What happens if diabetes insipidus is left untreated in children?
If left untreated, diabetes insipidus can lead to problems in a child such as brain damage and poor growth. With treatment, a child with diabetes insipidus can lead a full, healthy life.
How much water should a diabetic insipidus drink?
A health care provider may advise you to drink a certain amount of water every day, usually at least 2.5 liters. However, if your cranial diabetes insipidus is more severe, drinking water may not be enough to keep your symptoms under control.
What are the symptoms of nephrogenic diabetes insipidus (NDI)?
The two main symptoms of NDI are chronic excessive thirst (polydipsia) and excessive urine production (polyuria). Excessive urination at night (nocturia) also occurs. Some infants may present with vomiting, retching, unexplained fevers, lethargy, and irritability. Constipation, diarrhea and poor feeding may also occur.
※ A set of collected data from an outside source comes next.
(* Let $\mathfrak{S}=(\mathcal{X},\mathsf{S},\gamma,(\Lambda_{a})_{a\in\mathcal{A}})$ be a spectral decomposition system for the Euclidean space $\mathfrak{H}$. Let $\varphi\colon\mathcal{X}\to\left]-\infty,+\infty\right]$ be a proper $\mathsf{S}$-invariant function, let $\psi\in\Gamma_0(\mathcal{X})$ be an $\mathsf{S}$-invariant Legendre function such that $\operatorname{dom}\varphi\cap\operatorname{dom}\psi\neq\varnothing$, and let $X\in\mathfrak{H}$. Then: (i) $\operatorname{env}_{\varphi\circ\gamma}^{\psi\circ\gamma}(X)=\operatorname{env}_{\varphi}^{\psi}(\gamma(X))$; (ii) for every $Z\in\mathfrak{H}$: $Z\in\operatorname{Prox}_{\varphi\circ\gamma}^{\psi\circ\gamma}X$ if and only if $\gamma(Z)\in\operatorname{Prox}_{\varphi}^{\psi}\gamma(X)$ and there exists $a\in\mathcal{A}$ with $X=\Lambda_a\gamma(X)$ and $Z=\Lambda_a\gamma(Z)$; (iii) for every $z\in\mathcal{X}$ and $a\in\mathcal{A}_X$: $\Lambda_az\in\operatorname{Prox}_{\varphi\circ\gamma}^{\psi\circ\gamma}X$ if and only if $z\in\operatorname{Prox}_{\varphi}^{\psi}\gamma(X)$; (iv) $\operatorname{Prox}_{\varphi\circ\gamma}^{\psi\circ\gamma}X=\{\Lambda_az: z\in\operatorname{Prox}_{\varphi}^{\psi}\gamma(X),\ a\in\mathcal{A}_X\}$; (v) $\operatorname{Prox}_{\varphi\circ\gamma}^{\psi\circ\gamma}X$ is convex if and only if $\operatorname{Prox}_{\varphi}^{\psi}\gamma(X)$ is convex; (vi) $\operatorname{Prox}_{\varphi\circ\gamma}^{\psi\circ\gamma}X$ is a singleton if and only if $\operatorname{Prox}_{\varphi}^{\psi}\gamma(X)$ is a singleton.
   Context: A Euclidean space is a finite-dimensional real inner product space; inner products are written $\langle\cdot,\cdot\rangle$ and norms $\|\cdot\|$. Let $\mathfrak{H}$ and $\mathcal{X}$ be Euclidean spaces, let $\mathsf{S}$ be a group acting on $\mathcal{X}$ by linear isometries, let $\gamma\colon\mathfrak{H}\to\mathcal{X}$, and let $(\Lambda_a)_{a\in\mathcal{A}}$ be a family of linear operators from $\mathcal{X}$ to $\mathfrak{H}$. The orbit of $x$ is $\mathsf{S}\cdot x=\{s\cdot x: s\in\mathsf{S}\}$; a map $f$ on $\mathcal{X}$ is $\mathsf{S}$-invariant if $f(s\cdot x)=f(x)$ for all $s,x$. The tuple is a spectral decomposition system for $\mathfrak{H}$ if: [A] every $\Lambda_a$ is an isometry; [B] there exists an $\mathsf{S}$-invariant $\tau\colon\mathcal{X}\to\mathcal{X}$ with $\tau(x)\in\mathsf{S}\cdot x$ for all $x$ and $\gamma\circ\Lambda_a=\tau$ for all $a$; [C] for every $X\in\mathfrak{H}$ there is $a$ with $X=\Lambda_a\gamma(X)$; [D] $\langle X,Y\rangle\leq\langle\gamma(X),\gamma(Y)\rangle$ for all $X,Y\in\mathfrak{H}$. For $X\in\mathfrak{H}$, $\mathcal{A}_X=\{a\in\mathcal{A}: X=\Lambda_a\gamma(X)\}$. For functions on a Euclidean space $\mathcal{H}$: $\operatorname{dom}f=\{f<+\infty\}$; proper means never $-\infty$ and $\operatorname{dom}f\neq\varnothing$; $\Gamma_0(\mathcal{H})$ is the set of proper lower semicontinuous convex functions $\mathcal{H}\to\left]-\infty,+\infty\right]$; $\partial g(x)=\{u:\langle z-x,u\rangle+g(x)\leq g(z)\ \forall z\}$. A function $g\in\Gamma_0(\mathcal{H})$ is essentially smooth if $\partial g(x)$ has at most one element for every $x$, essentially strictly convex if it is strictly convex on every convex subset of $\{x:\partial g(x)\neq\varnothing\}$, and Legendre if both. ($\psi\circ\gamma$ is a Legendre function on $\mathfrak{H}$ under the stated hypotheses, so the objects below are defined.) For a Legendre $g\in\Gamma_0(\mathcal{H})$, the Bregman distance is $D_g(y,x)=g(y)-g(x)-\langle y-x,\nabla g(x)\rangle$ if $x\in\operatorname{int}\operatorname{dom}g$ and $D_g(y,x)=+\infty$ otherwise. For $f\colon\mathcal{H}\to\left]-\infty,+\infty\right]$ with $\operatorname{dom}f\cap\operatorname{dom}g\neq\varnothing$: $\operatorname{env}_f^g(x)=\inf_{y\in\mathcal{H}}(f(y)+D_g(y,x))$ and $\operatorname{Prox}_f^g x=\operatorname{Argmin}(f+D_g(\cdot,x))$, where $\operatorname{Argmin}h$ is the set of minimizers of $h$ if $\inf h<+\infty$ and $\varnothing$ otherwise. *)

theory Defs
  imports "HOL-Analysis.Analysis" "HOL-Library.Extended_Real"
begin

text \<open>Extended-real-valued functions with values in ]-infinity,+infinity] are modelled as
  functions into ereal; properness excludes the value -infinity.\<close>

definition edom :: "('a \<Rightarrow> ereal) \<Rightarrow> 'a set" where
  "edom f = {x. f x < \<infinity>}"

definition eproper :: "('a \<Rightarrow> ereal) \<Rightarrow> bool" where
  "eproper f \<longleftrightarrow> (\<forall>x. f x \<noteq> -\<infinity>) \<and> edom f \<noteq> {}"

definition elsc :: "('a::topological_space \<Rightarrow> ereal) \<Rightarrow> bool" where
  "elsc f \<longleftrightarrow> (\<forall>c. closed {x. f x \<le> c})"

definition econvex :: "('a::real_vector \<Rightarrow> ereal) \<Rightarrow> bool" where
  "econvex f \<longleftrightarrow> (\<forall>x y t. 0 < t \<and> t < 1 \<longrightarrow>
      f ((1 - t) *\<^sub>R x + t *\<^sub>R y) \<le> ereal (1 - t) * f x + ereal t * f y)"

definition Gamma0 :: "('a::real_inner \<Rightarrow> ereal) \<Rightarrow> bool" where
  "Gamma0 f \<longleftrightarrow> eproper f \<and> elsc f \<and> econvex f"

definition subdiff :: "('a::real_inner \<Rightarrow> ereal) \<Rightarrow> 'a \<Rightarrow> 'a set" where
  "subdiff g x = {u. \<forall>z. ereal (inner (z - x) u) + g x \<le> g z}"

definition estrictly_convex_on :: "'a set \<Rightarrow> ('a::real_vector \<Rightarrow> ereal) \<Rightarrow> bool" where
  "estrictly_convex_on C f \<longleftrightarrow> (\<forall>x\<in>C. \<forall>y\<in>C. \<forall>t. x \<noteq> y \<and> 0 < t \<and> t < 1 \<longrightarrow>
      f ((1 - t) *\<^sub>R x + t *\<^sub>R y) < ereal (1 - t) * f x + ereal t * f y)"

definition essentially_smooth :: "('a::real_inner \<Rightarrow> ereal) \<Rightarrow> bool" where
  "essentially_smooth g \<longleftrightarrow> Gamma0 g \<and> (\<forall>x. \<forall>u\<in>subdiff g x. \<forall>v\<in>subdiff g x. u = v)"

definition essentially_strictly_convex :: "('a::real_inner \<Rightarrow> ereal) \<Rightarrow> bool" where
  "essentially_strictly_convex g \<longleftrightarrow> Gamma0 g \<and>
     (\<forall>C. convex C \<and> C \<subseteq> {x. subdiff g x \<noteq> {}} \<longrightarrow> estrictly_convex_on C g)"

definition Legendre :: "('a::real_inner \<Rightarrow> ereal) \<Rightarrow> bool" where
  "Legendre g \<longleftrightarrow> essentially_smooth g \<and> essentially_strictly_convex g"

text \<open>Gradient of g at a point of int dom g (where a Legendre function is differentiable).\<close>
definition egrad :: "('a::real_inner \<Rightarrow> ereal) \<Rightarrow> 'a \<Rightarrow> 'a" where
  "egrad g x = (THE u. ((\<lambda>y. real_of_ereal (g y)) has_derivative (\<lambda>h. inner u h)) (at x))"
How common is nephrogenic diabetes insipidus?
The prevalence of nephrogenic diabetes insipidus is unknown, although the condition is thought to be rare. The acquired form occurs more frequently than the hereditary form.
Does diabetes insipidus affect blood sugar?
People with diabetes insipidus have normal blood glucose levels; however, their kidneys cannot balance fluid in the body.
Why does diabetes insipidus not change blood sugar?
Diabetes insipidus is a rare condition that has nothing to do with the pancreas or blood sugar. Instead, it happens when your kidneys produce a lot of extra pee.